▽

(* Let $p$ be a stochastic choice function on $X$ and let $M\in\mathcal N$. The following are equivalent: (i) for every MSC $\langle Q,\nu\rangle$ rationalizing $p$, the matrix $Q(M)$ is reversible on $M$; (iii) every cycle on every subset $M'\subseteq M$ that is sign-consistent with respect to $p(\cdot,M)$ satisfies $\delta_{kl}(M)=0$ for all its pairs $(k,l)$; equivalently, there is no subset $M'\subseteq M$ and cycle on $M'$ such that $\delta_{kl}(M)>0$ for all pairs $(k,l)$ of the cycle, nor one such that $\delta_{kl}(M)<0$ for all its pairs.
   Context: $X$ is a finite set of alternatives; a menu is a nonempty subset of $X$, and $\mathcal N$ denotes the set of all menus. A stochastic choice function is a map $p:X\times\mathcal N\to[0,1]$ with $\sum_{i\in M}p(i,M)=1$ and $p(i,M)=0$ for $i\notin M$; $p(\cdot,M)$ denotes the row vector $(p(i,M))_{i\in M}$. For $M\in\mathcal N$ and $i,j\in M$ let $\delta_{ij}(M)=p(i,M)\,p(j,\{i,j\})-p(i,\{i,j\})\,p(j,M)$. An MSC (Markov stochastic choice model) $\langle Q,\nu\rangle$ consists of, for every menu $M$, a matrix $Q(M)=(q_{ij}(M))_{i,j\in M}$ with nonnegative entries and a probability distribution $\nu_M$ on $M$, such that for all $M\in\mathcal N$ and distinct $i,j\in M$: (A1) $q_{ii}(M)=1-\sum_{k\neq i}q_{ik}(M)>0$; (A2) if $q_{ij}(\{i,j\})=0$ then $q_{ji}(\{i,j\})>0$; (A3) $q_{ij}(\{i,j\})\,q_{ji}(M)=q_{ji}(\{i,j\})\,q_{ij}(M)$. For a right stochastic matrix $Q$ on $M$ and a distribution $\nu$ on $M$ define $\rho(\nu,Q)=\lim_{\alpha\to0^+}\sum_{t\ge0}\alpha(1-\alpha)^t\nu Q^t$ (the limit exists and satisfies $\rho(\nu,Q)(I-Q)=0$). $p$ is rationalized by the MSC $\langle Q,\nu\rangle$ if $p(\cdot,M)=\rho(\nu_M,Q(M))$ for every $M\in\mathcal N$. $Q(M)$ is reversible on $M$ (for the model $\langle Q,\nu\rangle$) if, with $\rho=\rho(\nu_M,Q(M))$, the detailed balance equations $q_{ji}(M)\rho_j=\rho_i\,q_{ij}(M)$ hold for all $i,j\in M$. A cycle on a set $M'=\{i_1,\dots,i_n\}$ (elements listed in some order, distinct) is the set of ordered pairs $\{(i_1,i_2),(i_2,i_3),\dots,(i_{n-1},i_n),(i_n,i_1)\}$. A cycle on $M'\subseteq M$ is sign-consistent with respect to $p(\cdot,M)$ if $\operatorname{sgn}\delta_{ij}(M)=\operatorname{sgn}\delta_{kl}(M)$ for all pairs $(i,j),(k,l)$ in the cycle. *)

theory Defs
  imports Complex_Main
begin

definition menu :: "'a set \<Rightarrow> 'a set \<Rightarrow> bool" where
  "menu X M \<longleftrightarrow> M \<noteq> {} \<and> M \<subseteq> X"

definition stoch_choice :: "'a set \<Rightarrow> ('a \<Rightarrow> 'a set \<Rightarrow> real) \<Rightarrow> bool" where
  "stoch_choice X p \<longleftrightarrow>
     (\<forall>M. menu X M \<longrightarrow>
        (\<forall>i\<in>X. 0 \<le> p i M \<and> p i M \<le> 1) \<and>
        (\<Sum>i\<in>M. p i M) = 1 \<and>
        (\<forall>i\<in>X. i \<notin> M \<longrightarrow> p i M = 0))"

definition delta :: "('a \<Rightarrow> 'a set \<Rightarrow> real) \<Rightarrow> 'a set \<Rightarrow> 'a \<Rightarrow> 'a \<Rightarrow> real" where
  "delta p M i j = p i M * p j {i, j} - p i {i, j} * p j M"

fun mpow :: "'a set \<Rightarrow> ('a \<Rightarrow> 'a \<Rightarrow> real) \<Rightarrow> nat \<Rightarrow> 'a \<Rightarrow> 'a \<Rightarrow> real" where
  "mpow M Q 0 = (\<lambda>i j. if i = j then 1 else 0)"
| "mpow M Q (Suc t) = (\<lambda>i j. \<Sum>k\<in>M. mpow M Q t i k * Q k j)"

definition vecmat_pow :: "'a set \<Rightarrow> ('a \<Rightarrow> real) \<Rightarrow> ('a \<Rightarrow> 'a \<Rightarrow> real) \<Rightarrow> nat \<Rightarrow> 'a \<Rightarrow> real" where
  "vecmat_pow M \<nu> Q t j = (\<Sum>i\<in>M. \<nu> i * mpow M Q t i j)"

definition rho :: "'a set \<Rightarrow> ('a \<Rightarrow> real) \<Rightarrow> ('a \<Rightarrow> 'a \<Rightarrow> real) \<Rightarrow> 'a \<Rightarrow> real" where
  "rho M \<nu> Q j =
     Lim (at_right (0::real)) (\<lambda>\<alpha>. \<Sum>t. \<alpha> * (1 - \<alpha>) ^ t * vecmat_pow M \<nu> Q t j)"

text \<open>Markov stochastic choice model <Q, nu>: Q M i j = q_ij(M), nu M i = nu_M(i).\<close>
definition MSC :: "'a set \<Rightarrow> ('a set \<Rightarrow> 'a \<Rightarrow> 'a \<Rightarrow> real) \<Rightarrow> ('a set \<Rightarrow> 'a \<Rightarrow> real) \<Rightarrow> bool" where
  "MSC X Q \<nu> \<longleftrightarrow>
     (\<forall>M. menu X M \<longrightarrow>
        (\<forall>i\<in>M. \<forall>j\<in>M. 0 \<le> Q M i j) \<and>
        (\<forall>i\<in>M. 0 \<le> \<nu> M i) \<and> (\<Sum>i\<in>M. \<nu> M i) = 1 \<and>
        (\<forall>i\<in>M. Q M i i = 1 - (\<Sum>k\<in>M - {i}. Q M i k) \<and> Q M i i > 0) \<and>
        (\<forall>i\<in>M. \<forall>j\<in>M. i \<noteq> j \<longrightarrow>
           (Q {i, j} i j = 0 \<longrightarrow> Q {i, j} j i > 0) \<and>
           Q {i, j} i j * Q M j i = Q {i, j} j i * Q M i j))"

definition rationalizes ::
  "'a set \<Rightarrow> ('a \<Rightarrow> 'a set \<Rightarrow> real) \<Rightarrow> ('a set \<Rightarrow> 'a \<Rightarrow> 'a \<Rightarrow> real) \<Rightarrow> ('a set \<Rightarrow> 'a \<Rightarrow> real) \<Rightarrow> bool" where
  "rationalizes X p Q \<nu> \<longleftrightarrow>
     (\<forall>M. menu X M \<longrightarrow> (\<forall>j\<in>M. p j M = rho M (\<nu> M) (Q M) j))"

definition reversible ::
  "'a set \<Rightarrow> ('a set \<Rightarrow> 'a \<Rightarrow> 'a \<Rightarrow> real) \<Rightarrow> ('a set \<Rightarrow> 'a \<Rightarrow> real) \<Rightarrow> bool" where
  "reversible M Q \<nu> \<longleftrightarrow>
     (\<forall>i\<in>M. \<forall>j\<in>M. Q M j i * rho M (\<nu> M) (Q M) j = rho M (\<nu> M) (Q M) i * Q M i j)"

△

▸ Exercise details:
The expected answer holds each line from the listing above where the string "longleftrightarrow" is present.

▸ Response to the exercise:
  "menu X M \<longleftrightarrow> M \<noteq> {} \<and> M \<subseteq> X"
  "stoch_choice X p \<longleftrightarrow>
  "MSC X Q \<nu> \<longleftrightarrow>
  "rationalizes X p Q \<nu> \<longleftrightarrow>
  "reversible M Q \<nu> \<longleftrightarrow>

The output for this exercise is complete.